As part of a strategy to boost small and medium-sized business while plugging the growing demographic hole in the working population, 20 million new foreign workers could arrive over the next 10-15 years.
Yet the news comes at a time when there are reports of rising ethnic tension in Russian towns, and threats of lynch mobs driving foreigners from their homes.
What type of foreigner?
As part of a bid to ease tensions, the authorities hope a change in emphasis will help. Instead of relying on low-grade labour from the CIS, the idea is to make Russia a more attractive place for highly-skilled foreigners to come.
Sergei Borisov, president of business research group Opora Rossii (Support of Russia), told a meeting of the Public Chamber: “We’re not just going to rely on anyone. We don’t just want a man with a shovel and a broom.
“The battle is for the so-called ‘creative class’.”
That means highly-skilled experts, entrepreneurs, investors and unqualified workers for whom there is a big demand, Moskovsky Komsomolets reported.
And there will be tempting offers to lure them to Russia, including the right of residency from the day of arrival – something which would not only ease visa-related red tape but would also give migrants the same health care and pension rights as Russian citizens.
Running out of Russians
Federal Migration Service chief Konstantin Romodanovsky, told the meeting: “It’s not about a lot of them – it’s a shortage of us.”
Russia’s current working population is 88.6 million, and in 15 years that is set to fall to 77.1 million.
And the traditional labour flow from the former Soviet Union – especially the central Asian republics – is apparently falling away, prompting a search for a new wave of migrants from India, China and other emerging Asian economies.
This forms a key plank of the FMS’s migration policy up to 2025, which was presented in conjunction with Opora Rossii on Tuesday.
Easy visa or conflicting signs?
Earlier this year there were other signs that Russia was looking to help skilled workers arrive from abroad to build President Dmitry Medvedev’s prized innovation economy.
“Revolutionary” work permit reforms and the easing of some quota requirements were drawn up to encourage talent to support the Skolkovo “Silicon Valley” planned for Moscow’s outskirts.

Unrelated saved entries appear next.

text \<open>The three summands come from appending 0, max q and a letter in (max q, asc q + 1];
  a constantly 0 sequence takes 0 or 1.\<close>

lemma sum_appendable:
  fixes G :: "ending_kind \<Rightarrow> nat \<Rightarrow> real"
  assumes q: "q \<in> AS021 n"
  shows "(\<Sum>y\<in>appendable q. G (ending (q @ [y])) (slack (q @ [y])) * weight v w (q @ [y])) =
    (case ending q of
       Zeros \<Rightarrow> G Zeros 0 + v * w * G At_Max 0
     | At_Max \<Rightarrow> G At_Zero (slack q) + G At_Max (slack q)
         + v * w * (\<Sum>j\<le>slack q. v ^ j * G At_Max (slack q - j))
     | At_Zero \<Rightarrow> G At_Zero (slack q) + w * G At_Max (slack q + 1)
         + v * w * (\<Sum>j\<le>slack q. v ^ j * G At_Max (slack q - j))) * weight v w q"
proof -
  define M a where "M = max_letter q" and "a = asc q"
  have qne: "q \<noteq> []" using q AS021_nonempty by blast
  have Ma: "M \<le> a" and last: "last q = 0 \<or> last q = M"
    using AS021_max_letter_le_asc_and_last[OF q] unfolding M_def a_def by auto
  have last_le: "last q \<le> M" unfolding M_def using qne by (simp add: max_letter_ge)
  note snoc = max_letter_snoc[OF qne] asc_snoc[OF qne]
  show ?thesis
  proof (cases "M = 0")
    case True
    then have "a = 0" "last q = 0"
      using asc_eq_0_if_all_zero[of q] max_letter_eq_0_iff[OF qne] last_le unfolding M_def a_def by auto
    moreover have "appendable q = {0, 1}" using True calculation
      unfolding appendable_def M_def a_def by auto
    ultimately show ?thesis using True snoc unfolding M_def a_def
      by (simp add: ending_def slack_def weight_def)
  next
    case False
    have app: "appendable q = insert 0 (insert M {M<..a + 1})"
      using False Ma unfolding appendable_def M_def a_def by auto
    have at_0: "G (ending (q @ [0])) (slack (q @ [0])) * weight v w (q @ [0])
        = G At_Zero (slack q) * weight v w q"
      using False snoc unfolding M_def by (simp add: ending_def slack_def weight_def)
    have at_M: "G (ending (q @ [M])) (slack (q @ [M])) * weight v w (q @ [M]) =
        (if ending q = At_Max then G At_Max (slack q) else w * G At_Max (slack q + 1)) * weight v w q"
      using False last Ma snoc unfolding M_def a_def
      by (auto simp: ending_def slack_def weight_def Suc_diff_le)
    have above_M: "G (ending (q @ [y])) (slack (q @ [y])) * weight v w (q @ [y]) =
        w * (v ^ (y - M) * G At_Max (a + 1 - y)) * weight v w q" if "y \<in> {M<..a + 1}" for y
      using that snoc_above_max[OF qne, of y] unfolding M_def a_def by simp
    have "(\<Sum>y\<in>{M<..a + 1}. w * (v ^ (y - M) * G At_Max (a + 1 - y)) * weight v w q)
        = v * w * (\<Sum>j\<le>slack q. v ^ j * G At_Max (slack q - j)) * weight v w q"
      unfolding sum_greaterThanAtMost_reindex[OF Ma] slack_def M_def[symmetric] a_def[symmetric]
      by (simp add: sum_distrib_left sum_distrib_right algebra_simps Suc_diff_le)
    then show ?thesis
      using False last app at_0 at_M above_M unfolding M_def
      by (auto simp: ending_def algebra_simps)
  qed
qed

But in September it was announced that quotas for foreign workers would be reduced in 2011, with almost 10 per cent fewer foreigners being invited in.
And Moscow’s new mayor Sergei Sobyanin made a point of prioritising jobs for Muscovites on the eve of his appointment last month.
Social cost
Sobyanin’s populist call to give local jobs to local people has more sinister echoes when it is adopted by Russia’s ultra nationalists.
Groups like Slavyansky Soyuz and the League Against Illegal Immigration have long campaigned on a “Russia for Russians” ticket.
And during the November holiday weekend they claimed to bring 3,000 supporters on to Moscow’s streets for a “Russian March”, bringing the issue of militant Russian nationalism back into the spotlight.